# Instructions to follow
Look in the data below for the line that contains "(row j of the". Copy that line and the remaining lines exactly.

# Data records
-----
(* Let $\mathfrak g$ be of type $A_n$ with $n\ge2$ and $r=\frac{n+1}{\gcd(n+1,2)}$. For every $k$ with $1\le k\le n$ and $k\ne1,r$, one has $d_k\lambda_1+\lambda_k\in\Psi_{\min}$, where $d_k=2r-k$ if $r<k<n+1$ and $d_k=r-k$ otherwise.
   Context: Type $A_n$ has Dynkin diagram $1-2-\cdots-n$, with fundamental weights $\lambda_1,\dots,\lambda_n$, root lattice $Q$ and dominant integral weights $\Lambda^+=\bigoplus_i\mathbb N\lambda_i$. $\Psi=\{\lambda\in\Lambda^+:2\lambda\in Q\}$ and $\Psi_{\min}=\{\lambda\in\Psi\setminus\{0\}:\lambda\ne\mu_1+\mu_2\text{ for all }\mu_1,\mu_2\in\Psi\setminus\{0\}\}$. *)

theory Defs
  imports Main
begin

text \<open>Type A_n. A weight is represented by its coordinates with respect to the
fundamental weights lambda_1..lambda_n, as a function nat => int which is
required to vanish outside {1..n}.\<close>

type_synonym weight = "nat \<Rightarrow> int"

definition is_weight :: "nat \<Rightarrow> weight \<Rightarrow> bool" where
  "is_weight n \<mu> \<longleftrightarrow> (\<forall>i. i \<notin> {1..n} \<longrightarrow> \<mu> i = 0)"

definition fund_weight :: "nat \<Rightarrow> weight" where
  "fund_weight k = (\<lambda>i. if i = k then 1 else 0)"

text \<open>Simple root alpha_j of A_n in fundamental-weight coordinates
(row j of the Cartan matrix): alpha_j = 2 lambda_j - lambda_(j-1) - lambda_(j+1).\<close>
definition simple_root :: "nat \<Rightarrow> nat \<Rightarrow> weight" where
  "simple_root n j = (\<lambda>i. if i \<notin> {1..n} then 0
                          else if i = j then 2
                          else if i + 1 = j \<or> j + 1 = i then -1 else 0)"

definition root_lattice :: "nat \<Rightarrow> weight set" where
  "root_lattice n = {\<mu>. \<exists>a :: nat \<Rightarrow> int.
       \<mu> = (\<lambda>i. \<Sum>j\<in>{1..n}. a j * simple_root n j i)}"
-----
# Response to this task
(row j of the Cartan matrix): alpha_j = 2 lambda_j - lambda_(j-1) - lambda_(j+1).\<close>
definition simple_root :: "nat \<Rightarrow> nat \<Rightarrow> weight" where
  "simple_root n j = (\<lambda>i. if i \<notin> {1..n} then 0
                          else if i = j then 2
                          else if i + 1 = j \<or> j + 1 = i then -1 else 0)"

definition root_lattice :: "nat \<Rightarrow> weight set" where
  "root_lattice n = {\<mu>. \<exists>a :: nat \<Rightarrow> int.
       \<mu> = (\<lambda>i. \<Sum>j\<in>{1..n}. a j * simple_root n j i)}"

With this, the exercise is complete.